Di tahun ajaran baru ini, di mana-mana banyak siswa kita ternyata kesulitan melakukan pembelajaran jarak jauh (PJJ), karena keterbatasan ekonomi, infrastruktur listrik dan telekomunikasi, serta sumber daya lainnya.
"Masalah ini menurut saya jauh lebih mendesak untuk dipecahkan Kemendikbud ketimbang program POP," ucap Fadli.
"Anggaran yang sangat besar itu sebaiknya digunakan untuk membantu siswa, guru, serta penyediaan infrastruktur, termasuk di daerah 3T (tertinggal, terdepan, terluar), agar kegiatan PJJ berjalan lancar dan semua siswa mendapatkan hak dalam menerima pembelajaran," lanjutnya.
Ketiga, proses seleksi bermasalah. Sejak awal, menurutnya, seleksi yang dilakukan Kemendikbud terbukti bermasalah.

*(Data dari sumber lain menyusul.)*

(* Let $F$, $X_0$, $B$, $C$ be as in the context, and let $X(t)=\sum_{p=0}^\infty X_pt^p$ be an analytic family of solutions of $F(X)=0$ with initial term $X_0$. Suppose $X_3$ and $X_4$ belong to the linear span $L$ of $X_1$ and $X_2$. Then for all $i,j\in\{1,2\}$ the linear system $CX=-B(X_i,X_j)-B(X_j,X_i)$ has a solution $X\in L$.
   Context: Let $m,n\ge 1$ and let $F=(F_1,\dots,F_n):\mathbb{R}^m\to\mathbb{R}^n$, where each component is a polynomial of degree at most 2 written as $F_k(X)=\sum_{i=1}^m\sum_{j=1}^m\alpha^k_{ij}x_ix_j+\sum_{i=1}^m\beta^k_ix_i+\gamma^k$ for $X=(x_1,\dots,x_m)$, with real coefficients and $\alpha^k_{ij}=\alpha^k_{ji}$. Fix $X_0\in\mathbb{R}^m$ with $F(X_0)=0$. Define the bilinear map $B:\mathbb{R}^m\times\mathbb{R}^m\to\mathbb{R}^n$ by $B(X,Y)_k=\sum_{i,j=1}^m\alpha^k_{ij}x_iy_j$, the linear map $A:\mathbb{R}^m\to\mathbb{R}^n$ by $(AX)_k=\sum_{i=1}^m\beta^k_ix_i$, and the linear map $C:\mathbb{R}^m\to\mathbb{R}^n$ by $CX=B(X_0,X)+B(X,X_0)+AX$. An analytic family of solutions with initial term $X_0$ is a power series $X(t)=\sum_{p=0}^\infty X_pt^p$ with $X_p\in\mathbb{R}^m$, positive radius of convergence, constant term equal to $X_0$, and $F(X(t))=0$ for all sufficiently small $t$. *)

theory Defs
  imports "HOL-Analysis.Analysis"
begin

text \<open>Coefficients: alpha k i j, beta k i, gamma k, indexed by finite types
  'n (components of F, i.e. R^n) and 'm (variables, i.e. R^m).\<close>

definition quadF :: "('n \<Rightarrow> 'm::finite \<Rightarrow> 'm \<Rightarrow> real) \<Rightarrow> ('n \<Rightarrow> 'm \<Rightarrow> real) \<Rightarrow> ('n \<Rightarrow> real)
    \<Rightarrow> real^'m \<Rightarrow> real^'n::finite" where
  "quadF \<alpha> \<beta> \<gamma> X = (\<chi> k. (\<Sum>i\<in>UNIV. \<Sum>j\<in>UNIV. \<alpha> k i j * X$i * X$j)
                          + (\<Sum>i\<in>UNIV. \<beta> k i * X$i) + \<gamma> k)"

definition bilinB :: "('n \<Rightarrow> 'm::finite \<Rightarrow> 'm \<Rightarrow> real) \<Rightarrow> real^'m \<Rightarrow> real^'m \<Rightarrow> real^'n::finite" where
  "bilinB \<alpha> X Y = (\<chi> k. \<Sum>i\<in>UNIV. \<Sum>j\<in>UNIV. \<alpha> k i j * X$i * Y$j)"

definition linA :: "('n \<Rightarrow> 'm::finite \<Rightarrow> real) \<Rightarrow> real^'m \<Rightarrow> real^'n::finite" where
  "linA \<beta> X = (\<chi> k. \<Sum>i\<in>UNIV. \<beta> k i * X$i)"

definition linC :: "('n \<Rightarrow> 'm::finite \<Rightarrow> 'm \<Rightarrow> real) \<Rightarrow> ('n \<Rightarrow> 'm \<Rightarrow> real) \<Rightarrow> real^'m
    \<Rightarrow> real^'m \<Rightarrow> real^'n::finite" where
  "linC \<alpha> \<beta> X0 X = bilinB \<alpha> X0 X + bilinB \<alpha> X X0 + linA \<beta> X"

definition analytic_family :: "('n \<Rightarrow> 'm::finite \<Rightarrow> 'm \<Rightarrow> real) \<Rightarrow> ('n::finite \<Rightarrow> 'm \<Rightarrow> real)
    \<Rightarrow> ('n \<Rightarrow> real) \<Rightarrow> real^'m \<Rightarrow> (nat \<Rightarrow> real^'m) \<Rightarrow> bool" where
  "analytic_family \<alpha> \<beta> \<gamma> X0 Xs \<longleftrightarrow>
     Xs 0 = X0 \<and>
     (\<exists>r>0. \<forall>t::real. \<bar>t\<bar> < r \<longrightarrow> summable (\<lambda>p. t^p *\<^sub>R Xs p)) \<and>
     (\<forall>\<^sub>F t in nhds (0::real). quadF \<alpha> \<beta> \<gamma> (\<Sum>p. t^p *\<^sub>R Xs p) = 0)"

end

theory Submission
  imports Defs
begin

text \<open>Substituting the series into \<open>F(X(t)) = 0\<close> and comparing coefficients of \<open>t^p\<close>
  (componentwise, by uniqueness of real power series expansions) gives, for \<open>p \<ge> 1\<close>,
  \<open>C X\<^sub>p = - (\<Sum>0<q<p. B(X\<^sub>q, X\<^sub>p\<^sub>-\<^sub>q))\<close>. For \<open>p = 2, 3\<close> this already solves the cases
  \<open>(1,1)\<close> and \<open>(1,2)\<close> with \<open>2X\<^sub>2\<close> and \<open>X\<^sub>3\<close>. For \<open>p = 4\<close>, writing \<open>X\<^sub>3 = aX\<^sub>1 + bX\<^sub>2\<close> and
  using the symmetry of \<open>B\<close>, the term \<open>2B(X\<^sub>1, X\<^sub>3)\<close> is a combination of \<open>C X\<^sub>2\<close> and
  \<open>C X\<^sub>3\<close>, whence \<open>C(2X\<^sub>4 - 4aX\<^sub>2 - 2bX\<^sub>3) = -2B(X\<^sub>2, X\<^sub>2)\<close>.\<close>

lemma has_fps_expansion_unique:
  fixes F G :: "'a::{real_normed_field,banach} fps"
  assumes "f has_fps_expansion F" and "f has_fps_expansion G"
  shows "F = G"
proof (rule ccontr)
  \<comment> \<open>\<open>F - G\<close> divided by \<open>z\<^sup>n\<close>, \<open>n\<close> its subdegree, is continuous and nonzero at \<open>0\<close>,
    but vanishes on a punctured neighbourhood of \<open>0\<close>.\<close>
  define H where "H = F - G"
  define n where "n = subdegree H"
  assume "F \<noteq> G"
  then have "H \<noteq> 0" by (simp add: H_def)
  then have "fps_nth H n \<noteq> 0" unfolding n_def by (rule nth_subdegree_nonzero)
  have "(\<lambda>z. f z - f z) has_fps_expansion H"
    unfolding H_def using assms by (rule has_fps_expansion_diff)
  then have radius: "fps_conv_radius H > 0" and zero: "\<forall>\<^sub>F z in nhds 0. eval_fps H z = 0"
    by (auto simp: has_fps_expansion_def)
  have "isCont (eval_fps (fps_shift n H)) 0"
    using radius by (intro continuous_eval_fps) (simp add: zero_ereal_def)
  moreover have "eval_fps (fps_shift n H) 0 = fps_nth H n"
    by (simp add: eval_fps_at_0)
  ultimately have "\<forall>\<^sub>F z in at 0. eval_fps (fps_shift n H) z \<noteq> 0"
    using \<open>fps_nth H n \<noteq> 0\<close> by (metis isCont_def tendsto_imp_eventually_ne)
  moreover have "\<forall>\<^sub>F z in at 0. eval_fps (fps_shift n H) z = 0"
  proof -
    have "\<forall>\<^sub>F z in nhds 0. z \<in> eball 0 (fps_conv_radius H)"
      using radius by (intro eventually_nhds_in_open) (auto simp: zero_ereal_def)
    then have "\<forall>\<^sub>F z in nhds 0. z \<in> eball 0 (fps_conv_radius H) \<and> eval_fps H z = 0"
      using zero by (rule eventually_conj)
    then have "\<forall>\<^sub>F z in at 0. z \<noteq> 0 \<and> norm z < fps_conv_radius H \<and> eval_fps H z = 0"
      unfolding eventually_at_filter by (rule eventually_mono) simp
    then show ?thesis
      by eventually_elim (simp add: eval_fps_shift n_def)
  qed
  ultimately have "\<forall>\<^sub>F z in at (0::'a). False"
    by eventually_elim simp
  then show False by simp
qed

definition component_fps :: "(nat \<Rightarrow> real^'m) \<Rightarrow> 'm \<Rightarrow> real fps" where
  "component_fps Xs i = Abs_fps (\<lambda>p. Xs p $ i)"

lemma analytic_family_component_has_fps_expansion:
  assumes "analytic_family \<alpha> \<beta> \<gamma> X0 Xs"
  shows "(\<lambda>t. (\<Sum>p. t^p *\<^sub>R Xs p) $ i) has_fps_expansion component_fps Xs i"
proof (rule has_fps_expansionI)
  obtain r where "r > 0" and summable: "\<And>t. \<bar>t\<bar> < r \<Longrightarrow> summable (\<lambda>p. t^p *\<^sub>R Xs p)"
    using assms unfolding analytic_family_def by blast
  have "\<forall>\<^sub>F t in nhds 0. t \<in> ball 0 r"
    using \<open>r > 0\<close> by (intro eventually_nhds_in_open) auto
  then show "\<forall>\<^sub>F t in nhds 0.
      (\<lambda>p. fps_nth (component_fps Xs i) p * t^p) sums (\<Sum>p. t^p *\<^sub>R Xs p) $ i"
  proof eventually_elim
    case (elim t)
    then have "(\<lambda>p. t^p *\<^sub>R Xs p) sums (\<Sum>p. t^p *\<^sub>R Xs p)"
      by (intro summable_sums summable) auto
    then have "(\<lambda>p. (t^p *\<^sub>R Xs p) $ i) sums (\<Sum>p. t^p *\<^sub>R Xs p) $ i"
      by (rule bounded_linear.sums[OF bounded_linear_vec_nth])
    then show ?case by (simp add: component_fps_def mult.commute)
  qed
qed

lemma analytic_family_quadF_fps_eq_0:
  assumes fam: "analytic_family \<alpha> \<beta> \<gamma> X0 Xs"
  shows "(\<Sum>i\<in>UNIV. \<Sum>j\<in>UNIV. fps_const (\<alpha> k i j) * component_fps Xs i * component_fps Xs j)
      + (\<Sum>i\<in>UNIV. fps_const (\<beta> k i) * component_fps Xs i) + fps_const (\<gamma> k) = 0"
proof (rule has_fps_expansion_unique)
  define x where "x t = (\<Sum>p. t^p *\<^sub>R Xs p)" for t :: real
  have component: "(\<lambda>t. x t $ i) has_fps_expansion component_fps Xs i" for i
    unfolding x_def using fam by (rule analytic_family_component_has_fps_expansion)
  show "(\<lambda>t. quadF \<alpha> \<beta> \<gamma> (x t) $ k) has_fps_expansion
      (\<Sum>i\<in>UNIV. \<Sum>j\<in>UNIV. fps_const (\<alpha> k i j) * component_fps Xs i * component_fps Xs j)
      + (\<Sum>i\<in>UNIV. fps_const (\<beta> k i) * component_fps Xs i) + fps_const (\<gamma> k)"
    unfolding quadF_def vec_lambda_beta by (intro fps_expansion_intros component)
  have "\<forall>\<^sub>F t in nhds 0. quadF \<alpha> \<beta> \<gamma> (x t) = 0"
    using fam unfolding analytic_family_def x_def by blast
  then show "(\<lambda>t. quadF \<alpha> \<beta> \<gamma> (x t) $ k) has_fps_expansion 0"
    unfolding has_fps_expansion_def by (auto elim: eventually_mono)
qed

lemma sum_bilinB_nth:
  "(\<Sum>q\<in>Q. bilinB \<alpha> (f q) (g q)) $ k
    = (\<Sum>i\<in>UNIV. \<Sum>j\<in>UNIV. \<alpha> k i j * (\<Sum>q\<in>Q. f q $ i * g q $ j))"
proof -
  have "(\<Sum>q\<in>Q. bilinB \<alpha> (f q) (g q)) $ k
      = (\<Sum>q\<in>Q. \<Sum>i\<in>UNIV. \<Sum>j\<in>UNIV. \<alpha> k i j * (f q $ i * g q $ j))"
    by (simp add: bilinB_def mult.assoc)
  also have "\<dots> = (\<Sum>i\<in>UNIV. \<Sum>j\<in>UNIV. \<Sum>q\<in>Q. \<alpha> k i j * (f q $ i * g q $ j))"
    by (subst sum.swap) (simp add: sum.swap[of _ Q])
  finally show ?thesis by (simp add: sum_distrib_left)
qed

lemma analytic_family_coeff_eq:
  assumes "analytic_family \<alpha> \<beta> \<gamma> X0 Xs" and "0 < p"
  shows "(\<Sum>q\<le>p. bilinB \<alpha> (Xs q) (Xs (p - q))) + linA \<beta> (Xs p) = 0"
proof -
  from arg_cong[OF analytic_family_quadF_fps_eq_0[OF assms(1)], of "\<lambda>F. fps_nth F p"]
  have "(\<Sum>i\<in>UNIV. \<Sum>j\<in>UNIV. \<alpha> k i j * (\<Sum>q\<le>p. Xs q $ i * Xs (p - q) $ j))
      + (\<Sum>i\<in>UNIV. \<beta> k i * Xs p $ i) = 0" for k
    using \<open>0 < p\<close> by (simp only: fps_sum_nth fps_add_nth mult.assoc fps_mult_left_const_nth)
      (simp add: fps_mult_nth component_fps_def atLeast0AtMost)
  then show ?thesis
    by (simp add: vec_eq_iff sum_bilinB_nth linA_def del: sum_component)
qed

lemma bilinear_bilinB: "bilinear (bilinB \<alpha>)"
  unfolding bilinear_def
  by (auto intro!: linearI simp: bilinB_def vec_eq_iff algebra_simps sum.distrib sum_distrib_left)

lemma bilinB_commute:
  assumes "\<And>k i j. \<alpha> k i j = \<alpha> k j i"
  shows "bilinB \<alpha> X Y = bilinB \<alpha> Y X"
  unfolding bilinB_def vec_eq_iff using assms
  by (subst sum.swap) (simp add: ac_simps)

lemma linear_linC: "linear (linC \<alpha> \<beta> X0)"
  by (rule linearI)
    (simp_all add: linC_def bilinear_ladd bilinear_radd bilinear_lmul bilinear_rmul bilinear_bilinB
      linA_def vec_eq_iff algebra_simps sum.distrib sum_distrib_left)

lemma analytic_family_linC_eq:
  assumes fam: "analytic_family \<alpha> \<beta> \<gamma> X0 Xs" and "0 < p"
  shows "linC \<alpha> \<beta> X0 (Xs p) = - (\<Sum>q\<in>{1..<p}. bilinB \<alpha> (Xs q) (Xs (p - q)))"
proof -
  have "{..p} = insert 0 (insert p {1..<p})"
    using \<open>0 < p\<close> by auto
  moreover have "Xs 0 = X0"
    using fam unfolding analytic_family_def by blast
  ultimately show ?thesis
    using analytic_family_coeff_eq[OF assms] \<open>0 < p\<close>
    by (simp add: linC_def algebra_simps eq_neg_iff_add_eq_0)
qed

lemma span_pairE:
  assumes "z \<in> span {x, y}"
  obtains a b where "z = a *\<^sub>R x + b *\<^sub>R y"
proof -
  from assms obtain a where "z - a *\<^sub>R x \<in> span {y}"
    using span_breakdown_eq by blast
  then obtain b where "z - a *\<^sub>R x = b *\<^sub>R y"
    using span_singleton by blast
  then show ?thesis
    by (intro that[of a b]) (simp add: algebra_simps)
qed

lemma order_four_combination:
  fixes C :: "'a::real_vector \<Rightarrow> 'b::real_vector" and B :: "'a \<Rightarrow> 'a \<Rightarrow> 'b"
  assumes "linear C" and "bilinear B" and B_commute: "\<And>x y. B x y = B y x"
    and C2: "C x2 = - B x1 x1"
    and C3: "C x3 = - B x1 x2 - B x2 x1"
    and C4: "C x4 = - B x1 x3 - B x2 x2 - B x3 x1"
    and x3: "x3 = a *\<^sub>R x1 + b *\<^sub>R x2"
  shows "C (2 *\<^sub>R x4 - (4 * a) *\<^sub>R x2 - (2 * b) *\<^sub>R x3) = - B x2 x2 - B x2 x2"
proof -
  have B13: "B x1 x3 = a *\<^sub>R B x1 x1 + b *\<^sub>R B x1 x2"
    unfolding x3 using \<open>bilinear B\<close> by (simp add: bilinear_radd bilinear_rmul)
  have C3': "C x3 = - 2 *\<^sub>R B x1 x2"
    using C3 B_commute[of x2 x1] by (simp add: scaleR_2)
  have C4': "C x4 = - 2 *\<^sub>R B x1 x3 - B x2 x2"
    using C4 B_commute[of x3 x1] by (simp add: scaleR_2)
  have "C (2 *\<^sub>R x4 - (4 * a) *\<^sub>R x2 - (2 * b) *\<^sub>R x3)
      = 2 *\<^sub>R C x4 - (4 * a) *\<^sub>R C x2 - (2 * b) *\<^sub>R C x3"
    using \<open>linear C\<close> by (simp add: linear_diff linear_scale)
  also have "\<dots> = - 2 *\<^sub>R B x2 x2"
    unfolding C2 C3' C4' B13 by (simp add: algebra_simps)
  finally show ?thesis by (simp add: scaleR_2)
qed

theorem theorem4:
  fixes \<alpha> :: "'n::finite \<Rightarrow> 'm::finite \<Rightarrow> 'm \<Rightarrow> real"
    and \<beta> :: "'n \<Rightarrow> 'm \<Rightarrow> real" and \<gamma> :: "'n \<Rightarrow> real"
    and X0 :: "real^'m" and Xs :: "nat \<Rightarrow> real^'m"
  assumes sym: "\<And>k i j. \<alpha> k i j = \<alpha> k j i"
    and root: "quadF \<alpha> \<beta> \<gamma> X0 = 0"
    and fam: "analytic_family \<alpha> \<beta> \<gamma> X0 Xs"
    and X3: "Xs 3 \<in> span {Xs 1, Xs 2}"
    and X4: "Xs 4 \<in> span {Xs 1, Xs 2}"
  shows "\<forall>i\<in>{1::nat,2}. \<forall>j\<in>{1::nat,2}. \<exists>X\<in>span {Xs 1, Xs 2}.
           linC \<alpha> \<beta> X0 X = - bilinB \<alpha> (Xs i) (Xs j) - bilinB \<alpha> (Xs j) (Xs i)"
proof -
  \<comment> \<open>\<open>root\<close> is the order-0 coefficient equation, already implied by \<open>fam\<close>.\<close>
  let ?B = "bilinB \<alpha>" and ?C = "linC \<alpha> \<beta> X0" and ?L = "span {Xs 1, Xs 2}"
  have B_commute: "?B X Y = ?B Y X" for X Y
    using sym by (rule bilinB_commute)
  note C_eq = analytic_family_linC_eq[OF fam]
  have C2: "?C (Xs 2) = - ?B (Xs 1) (Xs 1)"
    using C_eq[of 2] by (simp add: numeral_eq_Suc)
  have C3: "?C (Xs 3) = - ?B (Xs 1) (Xs 2) - ?B (Xs 2) (Xs 1)"
    using C_eq[of 3] by (simp add: numeral_eq_Suc)
  have C4: "?C (Xs 4) = - ?B (Xs 1) (Xs 3) - ?B (Xs 2) (Xs 2) - ?B (Xs 3) (Xs 1)"
    using C_eq[of 4] by (simp add: numeral_eq_Suc)
  obtain a b where "Xs 3 = a *\<^sub>R Xs 1 + b *\<^sub>R Xs 2"
    using X3 by (rule span_pairE)
  then have "?C (2 *\<^sub>R Xs 4 - (4 * a) *\<^sub>R Xs 2 - (2 * b) *\<^sub>R Xs 3)
      = - ?B (Xs 2) (Xs 2) - ?B (Xs 2) (Xs 2)"
    by (rule order_four_combination[OF linear_linC bilinear_bilinB B_commute C2 C3 C4])
  moreover have "?C (Xs 2 + Xs 2) = - ?B (Xs 1) (Xs 1) - ?B (Xs 1) (Xs 1)"
    by (simp only: linear_add[OF linear_linC] C2 diff_conv_add_uminus)
  moreover have "2 *\<^sub>R Xs 4 - (4 * a) *\<^sub>R Xs 2 - (2 * b) *\<^sub>R Xs 3 \<in> ?L" "Xs 2 + Xs 2 \<in> ?L"
    using X3 X4 span_base[of "Xs 2" "{Xs 1, Xs 2}"] by (blast intro: span_add span_diff span_scale)+
  ultimately show ?thesis
    using X3 C3 B_commute[of "Xs 2" "Xs 1"] by auto
qed

end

"Saya membaca, awalnya ada organisasi besar sebenarnya tak ikut seleksi, tapi diminta untuk ikut oleh kementerian dua hari sebelum penutupan. Ini kan aneh dan sangat tidak profesional. Lalu, dalam proses seleksi administrasi, mereka sebenarnya juga tak lolos, tapi terus diminta ikut dan melengkapi persyaratan oleh panitia. Ada kesan organisasi massa besar diajak hanya untuk melegitimasi semata program ini," ujarnya.
Keempat, kementerian mengabaikan rekam jejak organisasi yang terlibat dalam program ini.
Menurut Fadli, basisnya hanya seleksi proposal melalui ‘blind review’, tanpa mengevaluasi latar belakang dan kompetensi organisasi pengusul.